Long-time miner Leon Mackrell has found a new way to be a miner without getting his hands dirty.
The Devonport-based grandfather saw an opportunity to send drones in and around mines instead of exposing men to danger and dirt.
“I went and bought a drone,” he said, adding that he’d always been interested in models since he was a lad.
“I wanted one with a decent camera and started filming sunsets around Devonport.”
Because he’d been in mining for 12 to 15 years, he realised his drone could go safely where men in the past risked their lives, and where expensive machinery was even now being lost and buried for good.
“I was underground one day. They rehabilitate the ground all the time by putting mesh to stop the ground falling in.
“I thought it was an ideal opportunity to put a drone in, take a look around, analyse the film and see what was going on.”
The mine where he works now has lost a couple of remote-controlled loaders in the stopes (underground holes where material has been extracted). The company sends the $1.5 million machines into stopes because it’s too dangerous for men. The loaders have been buried under cave-ins and are lost for good.
“If you could look first, you have a good idea of what’s going on in a stope.”
Mr Mackrell is investing in a more expensive drone with software which does three-dimensional mapping. He aims to film mining stockpiles, which are currently inspected by machines and a team of men crawling up the piles.
His new drone will be able to download film for the software to analyse.
“I’ve been speaking lately with surveyors at different mine sites and they think it’s a good idea.”
He took one mining manager to the Spray Tunnel in Zeehan, which is now a tourist attraction.

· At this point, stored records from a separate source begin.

(* $\mathcal{S}pl\leq_{K}\mathrm{tr}(\mathcal{E})$ and $\mathcal{S}pl\leq_{K}\mathcal{F}in\times\mathcal{F}in$.
   Context: For an infinite $A\subseteq\omega$, let $S(A)$ be the set of all $\sigma\in2^{<\omega}$ such that $\sigma$ is constant on $A\cap\mathrm{dom}(\sigma)$. The splitting ideal $\mathcal{S}pl$ is the ideal on $2^{<\omega}$ generated by the sets $S(A)$, $A\in[\omega]^{\omega}$. $\mathcal{E}$ is the $\sigma$-ideal on $2^\omega$ generated by closed sets of Lebesgue measure zero. $\mathrm{tr}(\mathcal{E})$ is the ideal on $2^{<\omega}$ consisting of those $A\subseteq2^{<\omega}$ such that $\{x\in2^{\omega}:x|_{n}\in A$ for infinitely many $n\}\in\mathcal{E}$. $\mathcal{F}in\times\mathcal{F}in$ is the ideal on $\omega\times\omega$ of sets $A$ such that for all but finitely many $n$ the set $\{m:(n,m)\in A\}$ is finite. For ideals $\mathcal{J}_0,\mathcal{J}_1$ on countable sets $X_0,X_1$, $\mathcal{J}_{0}\leq_{K}\mathcal{J}_{1}$ (Katětov reducibility) means there is a function $\pi:X_1\rightarrow X_0$ with $\pi^{-1}[A]\in\mathcal{J}_{1}$ for every $A\in\mathcal{J}_{0}$. *)

theory Defs
  imports "HOL-Probability.Probability"
begin

text \<open>Finite binary sequences (elements of 2^{<omega}) are modelled as bool lists;
  dom sigma = {0..<length sigma}. Infinite binary sequences (2^omega) are nat => bool,
  carrying the product topology (bool has the discrete order topology).\<close>

definition S_set :: "nat set \<Rightarrow> bool list set" where
  "S_set A = {\<sigma>. \<exists>c. \<forall>n\<in>A. n < length \<sigma> \<longrightarrow> \<sigma> ! n = c}"

definition Spl :: "bool list set set" where
  "Spl = {X. \<exists>F. finite F \<and> F \<subseteq> {S_set A | A. infinite A} \<and> X \<subseteq> \<Union>F}"

definition cantor_measure :: "(nat \<Rightarrow> bool) measure" where
  "cantor_measure = PiM UNIV (\<lambda>_. measure_pmf (bernoulli_pmf (1/2)))"

definition E_ideal :: "(nat \<Rightarrow> bool) set set" where
  "E_ideal = {X. \<exists>C :: nat \<Rightarrow> (nat \<Rightarrow> bool) set.
      (\<forall>i. closed (C i) \<and> C i \<in> sets cantor_measure \<and> emeasure cantor_measure (C i) = 0)
      \<and> X \<subseteq> (\<Union>i. C i)}"

definition restr :: "(nat \<Rightarrow> bool) \<Rightarrow> nat \<Rightarrow> bool list" where
  "restr x n = map x [0..<n]"

definition trE :: "bool list set set" where
  "trE = {A. {x. infinite {n. restr x n \<in> A}} \<in> E_ideal}"

definition FinFin :: "(nat \<times> nat) set set" where
  "FinFin = {A. finite {n. infinite {m. (n, m) \<in> A}}}"

definition katetov_le :: "'a set set \<Rightarrow> 'b set set \<Rightarrow> bool" where
  "katetov_le J0 J1 \<longleftrightarrow> (\<exists>\<pi> :: 'b \<Rightarrow> 'a. \<forall>A\<in>J0. \<pi> -` A \<in> J1)"

end

theory Submission imports Defs begin

text \<open>A branch x of 2^{<omega} passes through S(A) infinitely often only if x is constant
  on A, and the set of such x is the union of two closed sets of measure
  lim (1/2)^k = 0; so the identity map witnesses Spl \<le>K tr(E). For Fin x Fin send
  (n, m) to the initial segment of length m of the characteristic function of {..<n}: that
  function is constant on an infinite A only if n \<le> min A, so only finitely many columns
  of a preimage of S(A) are infinite.\<close>

definition is_ideal :: "'a set set \<Rightarrow> bool" where
  "is_ideal J \<longleftrightarrow> {} \<in> J \<and> (\<forall>X\<in>J. \<forall>Y\<subseteq>X. Y \<in> J) \<and> (\<forall>X\<in>J. \<forall>Y\<in>J. X \<union> Y \<in> J)"

lemma is_idealI:
  assumes "{} \<in> J" and "\<And>X Y. X \<in> J \<Longrightarrow> Y \<subseteq> X \<Longrightarrow> Y \<in> J"
    and "\<And>X Y. X \<in> J \<Longrightarrow> Y \<in> J \<Longrightarrow> X \<union> Y \<in> J"
  shows "is_ideal J"
  using assms unfolding is_ideal_def by blast

lemma is_ideal_empty: "is_ideal J \<Longrightarrow> {} \<in> J"
  by (simp add: is_ideal_def)

lemma is_ideal_subset: "is_ideal J \<Longrightarrow> X \<in> J \<Longrightarrow> Y \<subseteq> X \<Longrightarrow> Y \<in> J"
  by (simp add: is_ideal_def)

lemma is_ideal_Un: "is_ideal J \<Longrightarrow> X \<in> J \<Longrightarrow> Y \<in> J \<Longrightarrow> X \<union> Y \<in> J"
  by (simp add: is_ideal_def)

lemma is_ideal_Union:
  assumes "is_ideal J" "finite F" "F \<subseteq> J"
  shows "\<Union>F \<in> J"
  using assms(2,3) by induction (auto intro: is_ideal_empty is_ideal_Un assms(1))

lemma katetov_le_SplI:
  assumes "is_ideal J" and gen: "\<And>A. infinite A \<Longrightarrow> \<pi> -` S_set A \<in> J"
  shows "katetov_le Spl J"
  unfolding katetov_le_def
proof (intro exI ballI)
  fix X assume "X \<in> Spl"
  then obtain F where F: "finite F" "F \<subseteq> {S_set A | A. infinite A}" "X \<subseteq> \<Union>F"
    unfolding Spl_def by blast
  have "\<Union>(vimage \<pi> ` F) \<in> J"
    using F(1,2) gen by (intro is_ideal_Union[OF assms(1)]) auto
  moreover have "\<pi> -` X \<subseteq> \<Union>(vimage \<pi> ` F)"
    using F(3) by blast
  ultimately show "\<pi> -` X \<in> J"
    by (rule is_ideal_subset[OF assms(1)])
qed

lemma prob_space_cantor_measure: "prob_space cantor_measure"
  unfolding cantor_measure_def
  by (simp add: prob_space_PiM prob_space_measure_pmf)

lemma space_cantor_measure: "space cantor_measure = UNIV"
  by (simp add: cantor_measure_def space_PiM)

lemma sets_cantor_measure_agree_on:
  "{x. \<forall>a\<in>A. x a = y a} \<in> sets cantor_measure"
proof -
  have coord: "{x. x a = y a} \<in> sets cantor_measure" for a
  proof -
    have "(\<lambda>x. x a) \<in> measurable cantor_measure (measure_pmf (bernoulli_pmf (1/2)))"
      unfolding cantor_measure_def by (rule measurable_component_singleton) simp
    then have "(\<lambda>x. x a) -` {y a} \<inter> space cantor_measure \<in> sets cantor_measure"
      by (rule measurable_sets) simp
    then show ?thesis
      by (simp add: space_cantor_measure vimage_def)
  qed
  have "{x. \<forall>a\<in>A. x a = y a} = (\<Inter>a\<in>A. {x. x a = y a})"
    by auto
  also have "\<dots> \<in> sets cantor_measure"
    using coord sets.top[of cantor_measure] by (intro sets.countable_INT'') (auto simp: space_cantor_measure)
  finally show ?thesis .
qed

lemma closed_agree_on: "closed {x :: nat \<Rightarrow> bool. \<forall>a\<in>A. x a = y a}"
proof -
  have "closed ((\<lambda>x :: nat \<Rightarrow> bool. x a) -` {y a})" for a
    by (rule closed_vimage) (auto intro: continuous_on_product_coordinates)
  moreover have "{x :: nat \<Rightarrow> bool. \<forall>a\<in>A. x a = y a} = (\<Inter>a\<in>A. (\<lambda>x. x a) -` {y a})"
    by auto
  ultimately show ?thesis by auto
qed

lemma emeasure_cantor_agree_on_finite:
  assumes "finite J"
  shows "emeasure cantor_measure {x. \<forall>a\<in>J. x a = y a} = ennreal ((1/2) ^ card J)"
proof -
  interpret product_prob_space "\<lambda>_. measure_pmf (bernoulli_pmf (1/2))" UNIV
    by (intro product_prob_spaceI prob_space_measure_pmf)
  have "{x. \<forall>a\<in>J. x a = y a} =
      prod_emb UNIV (\<lambda>_. measure_pmf (bernoulli_pmf (1/2))) J (Pi\<^sub>E J (\<lambda>a. {y a}))"
    by (auto simp: prod_emb_def space_PiM PiE_iff restrict_def fun_eq_iff)
  then have "emeasure cantor_measure {x. \<forall>a\<in>J. x a = y a} =
      (\<Prod>a\<in>J. emeasure (measure_pmf (bernoulli_pmf (1/2))) {y a})"
    unfolding cantor_measure_def using assms by (simp add: emeasure_PiM_emb)
  also have "\<dots> = (\<Prod>a\<in>J. ennreal (1/2))"
    by (intro prod.cong refl) (simp add: emeasure_pmf_single split: split_indicator)
  finally show ?thesis
    by (simp only: prod_constant ennreal_power)
qed

lemma emeasure_cantor_agree_on_infinite:
  assumes "infinite A"
  shows "emeasure cantor_measure {x. \<forall>a\<in>A. x a = y a} = 0"
proof -
  interpret prob_space cantor_measure
    by (rule prob_space_cantor_measure)
  let ?C = "{x. \<forall>a\<in>A. x a = y a}"
  have le: "measure cantor_measure ?C \<le> (1/2) ^ k" for k
  proof -
    obtain J where J: "J \<subseteq> A" "finite J" "card J = k"
      using infinite_arbitrarily_large[OF assms] by blast
    then have "measure cantor_measure ?C \<le> measure cantor_measure {x. \<forall>a\<in>J. x a = y a}"
      by (intro finite_measure_mono sets_cantor_measure_agree_on) auto
    also have "\<dots> = (1/2) ^ k"
      using emeasure_cantor_agree_on_finite[OF \<open>finite J\<close>, of y] J(3)
      by (simp add: emeasure_eq_measure)
    finally show ?thesis .
  qed
  have "measure cantor_measure ?C \<le> 0"
    using le by (intro LIMSEQ_le_const[OF LIMSEQ_power_zero[of "1/2::real"]]) auto
  then show ?thesis
    by (simp add: emeasure_eq_measure measure_le_0_iff)
qed

lemma E_idealI:
  assumes "closed C" "C \<in> sets cantor_measure" "emeasure cantor_measure C = 0"
  shows "C \<in> E_ideal"
  using assms unfolding E_ideal_def by (intro CollectI exI[of _ "\<lambda>_. C"]) auto

lemma E_ideal_mono: "X \<in> E_ideal \<Longrightarrow> Y \<subseteq> X \<Longrightarrow> Y \<in> E_ideal"
  unfolding E_ideal_def by blast

lemma E_ideal_UN:
  fixes X :: "nat \<Rightarrow> (nat \<Rightarrow> bool) set"
  assumes "\<And>i. X i \<in> E_ideal"
  shows "(\<Union>i. X i) \<in> E_ideal"
proof -
  have "\<forall>i. \<exists>Ci :: nat \<Rightarrow> (nat \<Rightarrow> bool) set.
      (\<forall>j. closed (Ci j) \<and> Ci j \<in> sets cantor_measure \<and> emeasure cantor_measure (Ci j) = 0)
      \<and> X i \<subseteq> (\<Union>j. Ci j)"
    using assms unfolding E_ideal_def by blast
  from choice[OF this] obtain C :: "nat \<Rightarrow> nat \<Rightarrow> (nat \<Rightarrow> bool) set" where
    C_null: "\<And>i j. closed (C i j) \<and> C i j \<in> sets cantor_measure \<and> emeasure cantor_measure (C i j) = 0"
    and C_cover: "\<And>i. X i \<subseteq> (\<Union>j. C i j)"
    by blast
  define D where "D n = C (fst (prod_decode n)) (snd (prod_decode n))" for n
  have "closed (D n) \<and> D n \<in> sets cantor_measure \<and> emeasure cantor_measure (D n) = 0" for n
    unfolding D_def by (rule C_null)
  moreover have "(\<Union>i. X i) \<subseteq> (\<Union>n. D n)"
  proof
    fix x assume "x \<in> (\<Union>i. X i)"
    then obtain i j where "x \<in> C i j"
      using C_cover by blast
    then have "x \<in> D (prod_encode (i, j))"
      by (simp add: D_def)
    then show "x \<in> (\<Union>n. D n)"
      by blast
  qed
  ultimately show ?thesis
    unfolding E_ideal_def by blast
qed

lemma is_ideal_E_ideal: "is_ideal E_ideal"
proof (rule is_idealI)
  show "{} \<in> E_ideal"
    by (rule E_idealI) auto
  show "X \<union> Y \<in> E_ideal" if "X \<in> E_ideal" "Y \<in> E_ideal" for X Y
  proof (rule E_ideal_mono)
    show "(\<Union>i::nat. if i = 0 then X else Y) \<in> E_ideal"
      using that by (intro E_ideal_UN) simp
    show "X \<union> Y \<subseteq> (\<Union>i::nat. if i = 0 then X else Y)"
      by (intro Un_least UN_upper[of 0, simplified] UN_upper[of 1, simplified]) auto
  qed
qed (rule E_ideal_mono)

lemma E_ideal_agree_on_infinite:
  assumes "infinite A"
  shows "{x. \<forall>a\<in>A. x a = y a} \<in> E_ideal"
  by (rule E_idealI[OF closed_agree_on sets_cantor_measure_agree_on
        emeasure_cantor_agree_on_infinite[OF assms]])

lemma is_ideal_trE: "is_ideal trE"
proof (rule is_idealI)
  show "{} \<in> trE"
    using is_ideal_empty[OF is_ideal_E_ideal] by (simp add: trE_def)
  show "Y \<in> trE" if "X \<in> trE" "Y \<subseteq> X" for X Y
  proof -
    have "{x. infinite {n. restr x n \<in> Y}} \<subseteq> {x. infinite {n. restr x n \<in> X}}"
      using \<open>Y \<subseteq> X\<close> by (auto elim!: infinite_super[rotated])
    then show ?thesis
      using \<open>X \<in> trE\<close> E_ideal_mono unfolding trE_def by blast
  qed
  show "X \<union> Y \<in> trE" if "X \<in> trE" "Y \<in> trE" for X Y
  proof -
    have "{x. infinite {n. restr x n \<in> X \<union> Y}} =
        {x. infinite {n. restr x n \<in> X}} \<union> {x. infinite {n. restr x n \<in> Y}}"
      by (auto simp: Collect_disj_eq)
    then show ?thesis
      using that is_ideal_Un[OF is_ideal_E_ideal] unfolding trE_def by simp
  qed
qed

lemma is_ideal_FinFin: "is_ideal FinFin"
proof (rule is_idealI)
  show "{} \<in> FinFin"
    by (simp add: FinFin_def)
  show "Y \<in> FinFin" if "X \<in> FinFin" "Y \<subseteq> X" for X Y
  proof -
    have "{n. infinite {m. (n, m) \<in> Y}} \<subseteq> {n. infinite {m. (n, m) \<in> X}}"
      using \<open>Y \<subseteq> X\<close> by (auto elim!: infinite_super[rotated])
    then show ?thesis
      using \<open>X \<in> FinFin\<close> finite_subset unfolding FinFin_def by blast
  qed
  show "X \<union> Y \<in> FinFin" if "X \<in> FinFin" "Y \<in> FinFin" for X Y
  proof -
    have "{n. infinite {m. (n, m) \<in> X \<union> Y}} =
        {n. infinite {m. (n, m) \<in> X}} \<union> {n. infinite {m. (n, m) \<in> Y}}"
      by (auto simp: Collect_disj_eq)
    then show ?thesis
      using that unfolding FinFin_def by simp
  qed
qed

lemma restr_in_S_set_iff: "restr x n \<in> S_set A \<longleftrightarrow> (\<exists>c. \<forall>a\<in>A. a < n \<longrightarrow> x a = c)"
  by (simp add: S_set_def restr_def)

lemma constant_on_if_infinite_restr_in_S_set:
  assumes "infinite {n. restr x n \<in> S_set A}"
  shows "\<exists>c. \<forall>a\<in>A. x a = c"
proof (cases "A = {}")
  case False
  then obtain a0 where "a0 \<in> A" by blast
  have "x a = x a0" if "a \<in> A" for a
  proof -
    obtain n where "n > max a a0" "restr x n \<in> S_set A"
      using assms unfolding infinite_nat_iff_unbounded by blast
    with \<open>a \<in> A\<close> \<open>a0 \<in> A\<close> show ?thesis
      unfolding restr_in_S_set_iff by fastforce
  qed
  then show ?thesis by blast
qed simp

lemma katetov_le_Spl_trE: "katetov_le Spl trE"
proof (rule katetov_le_SplI[OF is_ideal_trE, where \<pi> = id])
  fix A :: "nat set" assume "infinite A"
  have "{x. infinite {n. restr x n \<in> S_set A}} \<subseteq>
      {x. \<forall>a\<in>A. x a = True} \<union> {x. \<forall>a\<in>A. x a = False}"
  proof
    fix x assume "x \<in> {x. infinite {n. restr x n \<in> S_set A}}"
    then obtain c where "\<forall>a\<in>A. x a = c"
      using constant_on_if_infinite_restr_in_S_set by blast
    then show "x \<in> {x. \<forall>a\<in>A. x a = True} \<union> {x. \<forall>a\<in>A. x a = False}"
      by (cases c) auto
  qed
  moreover have "{x. \<forall>a\<in>A. x a = True} \<union> {x. \<forall>a\<in>A. x a = False} \<in> E_ideal"
    using E_ideal_agree_on_infinite[OF \<open>infinite A\<close>] by (intro is_ideal_Un[OF is_ideal_E_ideal])
  ultimately show "id -` S_set A \<in> trE"
    unfolding trE_def using E_ideal_mono by auto
qed

lemma katetov_le_Spl_FinFin: "katetov_le Spl FinFin"
proof (rule katetov_le_SplI[OF is_ideal_FinFin, where \<pi> = "\<lambda>(n, m). restr (\<lambda>i. i < n) m"])
  fix A :: "nat set" assume "infinite A"
  then obtain a0 where "a0 \<in> A"
    using infinite_imp_nonempty by blast
  have "n \<le> a0" if column: "infinite {m. restr (\<lambda>i. i < n) m \<in> S_set A}" for n
  proof -
    obtain c where c: "\<forall>a\<in>A. (a < n) = c"
      using constant_on_if_infinite_restr_in_S_set[OF column] by blast
    obtain a where "a \<in> A" "n \<le> a"
      using \<open>infinite A\<close> by (metis infinite_nat_iff_unbounded_le)
    with c \<open>a0 \<in> A\<close> show ?thesis
      by (metis not_le)
  qed
  then have "{n. infinite {m. (n, m) \<in> (\<lambda>(n, m). restr (\<lambda>i. i < n) m) -` S_set A}} \<subseteq> {..a0}"
    by auto
  then show "(\<lambda>(n, m). restr (\<lambda>i. i < n) m) -` S_set A \<in> FinFin"
    unfolding FinFin_def using finite_subset by blast
qed

theorem mainTheorem6:
  shows "katetov_le Spl trE \<and> katetov_le Spl FinFin"
  using katetov_le_Spl_trE katetov_le_Spl_FinFin by blast

end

“I put the spotlights on the drone and showed him what it could do. He was impressed.
“I want to set the business up so my grandchildren can get into it.”
He graduated from last year’s first North-West Coast drone operators course with a certificate, and decided to set up a business, named by his five-year-old grandson Lachlan as Drone Network Tasmania.
“I was thinking about a window of opportunity when the course was coming up and the more I thought about it, the bigger the window got.
“I’m hoping to do work with dams. You can get up to six hours of battery life under water. I’d like to do bridge pylons, boat mooring and stuff like that.”
With his wife and grandson backing him, he’ll never find his drones being bores.